--- STUDY MATERIAL ---
(* For every modal formula $A$ and label $x$: if ${\sf GL}\vdash A$ then the sequent $\emptyset\Rightarrow x:A$ has an $\infty$-proof in $\mathsf{labK4}$.
   Context: Modal formulas: $A ::= p \mid \bot \mid A\wedge A \mid A \vee A \mid A \to A \mid \Box A \mid \Diamond A$. ${\sf GL}$ is the Hilbert system containing all classical propositional tautologies, the axioms $\Box(A\to B)\to(\Box A\to\Box B)$, $\Box A\to\Box\Box A$ and $\Box(\Box A\to A)\to\Box A$, closed under modus ponens and necessitation (from $A$ infer $\Box A$). ($\Diamond$ is interpreted classically as dual to $\Box$ in ${\sf GL}$.) Labelled sequents $\mathcal R,\Gamma\Rightarrow\Delta$ with $\mathcal R$ a set of relational atoms $xRy$ and $\Gamma,\Delta$ multisets of labelled formulas $x:A$. $\mathsf{labK4}$ rules (premisses / conclusion): id $\mathcal R,x:p\Rightarrow x:p$; $\bot$L $\mathcal R,x:\bot,\Gamma\Rightarrow\Delta$; cut: $\mathcal R,\Gamma\Rightarrow\Delta,x:A$ and $\mathcal R,\Gamma',x:A\Rightarrow\Delta'$ / $\mathcal R,\Gamma,\Gamma'\Rightarrow\Delta,\Delta'$; left/right weakening and contraction; thinning $\mathcal R,\Gamma\Rightarrow\Delta$ / $\mathcal R,\mathcal R',\Gamma\Rightarrow\Delta$; $\to$L: $\mathcal R,\Gamma\Rightarrow\Delta,x:A$ and $\mathcal R,\Gamma',x:B\Rightarrow\Delta'$ / $\mathcal R,\Gamma,\Gamma',x:A\to B\Rightarrow\Delta,\Delta'$; $\to$R: $\mathcal R,\Gamma,x:A\Rightarrow\Delta,x:B$ / $\mathcal R,\Gamma\Rightarrow\Delta,x:A\to B$; $\wedge$L, $\wedge$R, $\vee$L, $\vee$R as in Gentzen's LK on labelled formulas with the same label; $\Diamond$L ($y$ fresh): $\mathcal R,xRy,\Gamma,y:A\Rightarrow\Delta$ / $\mathcal R,\Gamma,x:\Diamond A\Rightarrow\Delta$; $\Diamond$R: $\mathcal R,xRy,\Gamma\Rightarrow\Delta,y:A$ / $\mathcal R,xRy,\Gamma\Rightarrow\Delta,x:\Diamond A$; $\Box$R ($y$ fresh): $\mathcal R,xRy,\Gamma\Rightarrow\Delta,y:A$ / $\mathcal R,\Gamma\Rightarrow\Delta,x:\Box A$; $\Box$L: $\mathcal R,xRy,\Gamma,y:A\Rightarrow\Delta$ / $\mathcal R,xRy,\Gamma,x:\Box A\Rightarrow\Delta$; tr: $\mathcal R,xRy,yRz,xRz,\Gamma\Rightarrow\Delta$ / $\mathcal R,xRy,yRz,\Gamma\Rightarrow\Delta$. A preproof is a possibly infinite tree of rule instances whose leaves are zero-premiss rules; a trace along an infinite branch $(S_i)$ is a sequence of labels $(x_i)_{i\ge k}$ with, for each $i$, $x_i=x_{i+1}$ or $x_iRx_{i+1}$ in the relational context of $S_i$ (progress point); progressing = infinitely many progress points; an $\infty$-proof is a preproof all of whose infinite branches have a progressing trace. *)

theory Defs
  imports "HOL-Library.Multiset"
begin

datatype 'a fm =
    Atom 'a
  | Bot
  | And "'a fm" "'a fm"
  | Or "'a fm" "'a fm"
  | Imp "'a fm" "'a fm"
  | Box "'a fm"
  | Dia "'a fm"

definition Neg :: "'a fm \<Rightarrow> 'a fm" where
  "Neg A = Imp A Bot"

definition Iff :: "'a fm \<Rightarrow> 'a fm \<Rightarrow> 'a fm" where
  "Iff A B = And (Imp A B) (Imp B A)"

text \<open>Propositional evaluation: atoms and modal formulas (Box A, Dia A) are treated
  as propositional variables, whose values are given by v.\<close>
fun peval :: "('a fm \<Rightarrow> bool) \<Rightarrow> 'a fm \<Rightarrow> bool" where
  "peval v (Atom p) = v (Atom p)"
| "peval v Bot = False"
| "peval v (And A B) = (peval v A \<and> peval v B)"
| "peval v (Or A B) = (peval v A \<or> peval v B)"
| "peval v (Imp A B) = (peval v A \<longrightarrow> peval v B)"
| "peval v (Box A) = v (Box A)"
| "peval v (Dia A) = v (Dia A)"

definition tautology :: "'a fm \<Rightarrow> bool" where
  "tautology A \<longleftrightarrow> (\<forall>v. peval v A)"

inductive GL :: "'a fm \<Rightarrow> bool" where
  taut: "tautology A \<Longrightarrow> GL A"
| axK: "GL (Imp (Box (Imp A B)) (Imp (Box A) (Box B)))"
| ax4: "GL (Imp (Box A) (Box (Box A)))"
| axGL: "GL (Imp (Box (Imp (Box A) A)) (Box A))"
| axDual: "GL (Iff (Dia A) (Neg (Box (Neg A))))"
| mp: "GL (Imp A B) \<Longrightarrow> GL A \<Longrightarrow> GL B"
| nec: "GL A \<Longrightarrow> GL (Box A)"

type_synonym label = nat
type_synonym 'a lfm = "label \<times> 'a fm"
type_synonym 'a sequent = "(label \<times> label) set \<times> 'a lfm multiset \<times> 'a lfm multiset"

definition labels :: "'a sequent \<Rightarrow> label set" where
  "labels S = (case S of (R, \<Gamma>, \<Delta>) \<Rightarrow>
     fst ` R \<union> snd ` R \<union> fst ` set_mset \<Gamma> \<union> fst ` set_mset \<Delta>)"

definition rel_ctx :: "'a sequent \<Rightarrow> (label \<times> label) set" where
  "rel_ctx S = fst S"

text \<open>rule_inst C Ps: C is the conclusion and Ps the list of premisses of an
  instance of a rule of labK4.\<close>
inductive rule_inst :: "'a sequent \<Rightarrow> 'a sequent list \<Rightarrow> bool" where
  ax_id: "rule_inst (R, {#(x, Atom p)#}, {#(x, Atom p)#}) []"
| ax_botL: "rule_inst (R, add_mset (x, Bot) \<Gamma>, \<Delta>) []"
| cut: "rule_inst (R, \<Gamma> + \<Gamma>', \<Delta> + \<Delta>')
          [(R, \<Gamma>, add_mset (x, A) \<Delta>), (R, add_mset (x, A) \<Gamma>', \<Delta>')]"
| weakL: "rule_inst (R, add_mset (x, A) \<Gamma>, \<Delta>) [(R, \<Gamma>, \<Delta>)]"
| weakR: "rule_inst (R, \<Gamma>, add_mset (x, A) \<Delta>) [(R, \<Gamma>, \<Delta>)]"
| contrL: "rule_inst (R, add_mset (x, A) \<Gamma>, \<Delta>)
            [(R, add_mset (x, A) (add_mset (x, A) \<Gamma>), \<Delta>)]"
| contrR: "rule_inst (R, \<Gamma>, add_mset (x, A) \<Delta>)
            [(R, \<Gamma>, add_mset (x, A) (add_mset (x, A) \<Delta>))]"
| thin: "R \<subseteq> R' \<Longrightarrow> rule_inst (R', \<Gamma>, \<Delta>) [(R, \<Gamma>, \<Delta>)]"
| impL: "rule_inst (R, add_mset (x, Imp A B) (\<Gamma> + \<Gamma>'), \<Delta> + \<Delta>')
          [(R, \<Gamma>, add_mset (x, A) \<Delta>), (R, add_mset (x, B) \<Gamma>', \<Delta>')]"
| impR: "rule_inst (R, \<Gamma>, add_mset (x, Imp A B) \<Delta>)
          [(R, add_mset (x, A) \<Gamma>, add_mset (x, B) \<Delta>)]"
| andL1: "rule_inst (R, add_mset (x, And A B) \<Gamma>, \<Delta>) [(R, add_mset (x, A) \<Gamma>, \<Delta>)]"
| andL2: "rule_inst (R, add_mset (x, And A B) \<Gamma>, \<Delta>) [(R, add_mset (x, B) \<Gamma>, \<Delta>)]"
| andR: "rule_inst (R, \<Gamma>, add_mset (x, And A B) \<Delta>)
          [(R, \<Gamma>, add_mset (x, A) \<Delta>), (R, \<Gamma>, add_mset (x, B) \<Delta>)]"
| orL: "rule_inst (R, add_mset (x, Or A B) \<Gamma>, \<Delta>)
          [(R, add_mset (x, A) \<Gamma>, \<Delta>), (R, add_mset (x, B) \<Gamma>, \<Delta>)]"
| orR1: "rule_inst (R, \<Gamma>, add_mset (x, Or A B) \<Delta>) [(R, \<Gamma>, add_mset (x, A) \<Delta>)]"
| orR2: "rule_inst (R, \<Gamma>, add_mset (x, Or A B) \<Delta>) [(R, \<Gamma>, add_mset (x, B) \<Delta>)]"
| diaL: "y \<notin> labels (R, add_mset (x, Dia A) \<Gamma>, \<Delta>) \<Longrightarrow>
          rule_inst (R, add_mset (x, Dia A) \<Gamma>, \<Delta>)
            [(insert (x, y) R, add_mset (y, A) \<Gamma>, \<Delta>)]"
| diaR: "(x, y) \<in> R \<Longrightarrow>
          rule_inst (R, \<Gamma>, add_mset (x, Dia A) \<Delta>) [(R, \<Gamma>, add_mset (y, A) \<Delta>)]"
| boxR: "y \<notin> labels (R, \<Gamma>, add_mset (x, Box A) \<Delta>) \<Longrightarrow>
          rule_inst (R, \<Gamma>, add_mset (x, Box A) \<Delta>)
            [(insert (x, y) R, \<Gamma>, add_mset (y, A) \<Delta>)]"
| boxL: "(x, y) \<in> R \<Longrightarrow>
          rule_inst (R, add_mset (x, Box A) \<Gamma>, \<Delta>) [(R, add_mset (y, A) \<Gamma>, \<Delta>)]"
| tr: "(x, y) \<in> R \<Longrightarrow> (y, z) \<in> R \<Longrightarrow>
          rule_inst (R, \<Gamma>, \<Delta>) [(insert (x, z) R, \<Gamma>, \<Delta>)]"

codatatype 'b ptree = PNode (root: 'b) (kids: "'b ptree list")

coinductive preproof :: "'a sequent ptree \<Rightarrow> bool" where
  "rule_inst (root t) (map root (kids t)) \<Longrightarrow> (\<forall>u \<in> set (kids t). preproof u)
     \<Longrightarrow> preproof t"

definition infinite_branch :: "'b ptree \<Rightarrow> (nat \<Rightarrow> 'b ptree) \<Rightarrow> bool" where
  "infinite_branch t b \<longleftrightarrow> b 0 = t \<and> (\<forall>i. b (Suc i) \<in> set (kids (b i)))"

definition is_trace :: "(nat \<Rightarrow> 'a sequent) \<Rightarrow> nat \<Rightarrow> (nat \<Rightarrow> label) \<Rightarrow> bool" where
  "is_trace S k xs \<longleftrightarrow>
     (\<forall>i\<ge>k. xs i = xs (Suc i) \<or> (xs i, xs (Suc i)) \<in> rel_ctx (S i))"

definition progress_point :: "(nat \<Rightarrow> 'a sequent) \<Rightarrow> (nat \<Rightarrow> label) \<Rightarrow> nat \<Rightarrow> bool" where
  "progress_point S xs i \<longleftrightarrow> (xs i, xs (Suc i)) \<in> rel_ctx (S i)"

definition progressing_trace :: "(nat \<Rightarrow> 'a sequent) \<Rightarrow> nat \<Rightarrow> (nat \<Rightarrow> label) \<Rightarrow> bool" where
  "progressing_trace S k xs \<longleftrightarrow>
     is_trace S k xs \<and> infinite {i. i \<ge> k \<and> progress_point S xs i}"

definition inf_proof :: "'a sequent ptree \<Rightarrow> bool" where
  "inf_proof t \<longleftrightarrow> preproof t \<and>
     (\<forall>b. infinite_branch t b \<longrightarrow>
        (\<exists>k xs. progressing_trace (\<lambda>i. root (b i)) k xs))"

definition has_inf_proof :: "'a sequent \<Rightarrow> bool" where
  "has_inf_proof S \<longleftrightarrow> (\<exists>t. root t = S \<and> inf_proof t)"

end

theory Submission
  imports Defs "HOL-Library.Infinite_Set"
begin

(* Infinity-provability is closed under every rule of labK4,
   because a branch of the composed tree that enters a premiss's infinity-proof inherits a
   progressing trace from it. Tautologies then follow by backward propositional proof search, and
   K, 4, the duality axiom, modus ponens (a cut) and necessitation have finite derivations.
   Only Loeb's axiom needs an infinite proof: starting from  x:Box(Box A -> A) => x:Box A,
   the rules Box-R, Box-L, Imp-L and a cut with  y:Box(Box A -> A)  (for the fresh successor y
   of x) lead to the same sequent at y. Repeating this forever gives a single infinite branch,
   along which the labels x, y, ... form a trace progressing once per round. *)

lemma infinite_branch_suffix:
  "infinite_branch t b \<Longrightarrow> infinite_branch (b n) (\<lambda>i. b (i + n))"
  unfolding infinite_branch_def by auto

lemma progressing_trace_shift:
  assumes "progressing_trace (\<lambda>i. S (i + n)) k xs"
  shows "progressing_trace S (k + n) (\<lambda>i. xs (i - n))"
proof -
  have "is_trace S (k + n) (\<lambda>i. xs (i - n))"
    using assms unfolding progressing_trace_def is_trace_def
    by (metis (no_types, lifting) Suc_diff_le add_diff_cancel_right' diff_le_mono
        le_add2 le_add_diff_inverse2 le_trans)
  moreover
  have "(\<lambda>i. i + n) ` {i. i \<ge> k \<and> progress_point (\<lambda>i. S (i + n)) xs i}
      \<subseteq> {i. i \<ge> k + n \<and> progress_point S (\<lambda>i. xs (i - n)) i}"
    by (auto simp: progress_point_def Suc_diff_le)
  moreover
  have "infinite ((\<lambda>i. i + n) ` {i. i \<ge> k \<and> progress_point (\<lambda>i. S (i + n)) xs i})"
    using assms unfolding progressing_trace_def by (simp add: finite_image_iff)
  ultimately show ?thesis
    unfolding progressing_trace_def using finite_subset by blast
qed

lemma progressing_trace_if_enters_inf_proof:
  assumes "infinite_branch t b" and "inf_proof (b n)"
  shows "\<exists>k xs. progressing_trace (\<lambda>i. root (b i)) k xs"
proof -
  obtain k xs where "progressing_trace (\<lambda>i. root (b (i + n))) k xs"
    using assms infinite_branch_suffix unfolding inf_proof_def by blast
  then show ?thesis
    using progressing_trace_shift[of "\<lambda>i. root (b i)"] by blast
qed

definition some_inf_proof :: "'a sequent \<Rightarrow> 'a sequent ptree" where
  "some_inf_proof S = (SOME t. root t = S \<and> inf_proof t)"

lemma some_inf_proof_spec:
  "has_inf_proof S \<Longrightarrow> root (some_inf_proof S) = S \<and> inf_proof (some_inf_proof S)"
  unfolding has_inf_proof_def some_inf_proof_def by (rule someI_ex)

lemma has_inf_proof_rule:
  assumes rule: "rule_inst C Ps" and prems: "\<forall>P\<in>set Ps. has_inf_proof P"
  shows "has_inf_proof C"
proof -
  define t where "t = PNode C (map some_inf_proof Ps)"
  have roots: "root (some_inf_proof P) = P \<and> inf_proof (some_inf_proof P)" if "P \<in> set Ps" for P
    using that prems some_inf_proof_spec by blast
  have kids: "inf_proof u" if "u \<in> set (kids t)" for u
    using that roots by (auto simp: t_def)
  have "map root (kids t) = Ps"
    using roots by (simp add: t_def map_idI)
  then have "preproof t"
    using rule kids by (intro preproof.intros) (auto simp: t_def inf_proof_def)
  moreover have "\<exists>k xs. progressing_trace (\<lambda>i. root (b i)) k xs" if b: "infinite_branch t b" for b
  proof -
    have "b 1 \<in> set (kids t)"
      using b unfolding infinite_branch_def by (metis One_nat_def)
    with b kids show ?thesis
      using progressing_trace_if_enters_inf_proof by blast
  qed
  ultimately show ?thesis
    unfolding has_inf_proof_def inf_proof_def by (intro exI[of _ t]) (auto simp: t_def)
qed

lemma has_inf_proof_rule0: "rule_inst C [] \<Longrightarrow> has_inf_proof C"
  by (rule has_inf_proof_rule) auto

lemma has_inf_proof_rule1: "rule_inst C [P] \<Longrightarrow> has_inf_proof P \<Longrightarrow> has_inf_proof C"
  by (rule has_inf_proof_rule) auto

--- WORK INSTRUCTIONS ---
Scan the data above for the word "definition". Copy every line in which it is found.

--- OUTPUT BELOW ---
definition Neg :: "'a fm \<Rightarrow> 'a fm" where
definition Iff :: "'a fm \<Rightarrow> 'a fm \<Rightarrow> 'a fm" where
definition tautology :: "'a fm \<Rightarrow> bool" where
definition labels :: "'a sequent \<Rightarrow> label set" where
definition rel_ctx :: "'a sequent \<Rightarrow> (label \<times> label) set" where
definition infinite_branch :: "'b ptree \<Rightarrow> (nat \<Rightarrow> 'b ptree) \<Rightarrow> bool" where
definition is_trace :: "(nat \<Rightarrow> 'a sequent) \<Rightarrow> nat \<Rightarrow> (nat \<Rightarrow> label) \<Rightarrow> bool" where
definition progress_point :: "(nat \<Rightarrow> 'a sequent) \<Rightarrow> (nat \<Rightarrow> label) \<Rightarrow> nat \<Rightarrow> bool" where
definition progressing_trace :: "(nat \<Rightarrow> 'a sequent) \<Rightarrow> nat \<Rightarrow> (nat \<Rightarrow> label) \<Rightarrow> bool" where
definition inf_proof :: "'a sequent ptree \<Rightarrow> bool" where
definition has_inf_proof :: "'a sequent \<Rightarrow> bool" where
definition some_inf_proof :: "'a sequent \<Rightarrow> 'a sequent ptree" where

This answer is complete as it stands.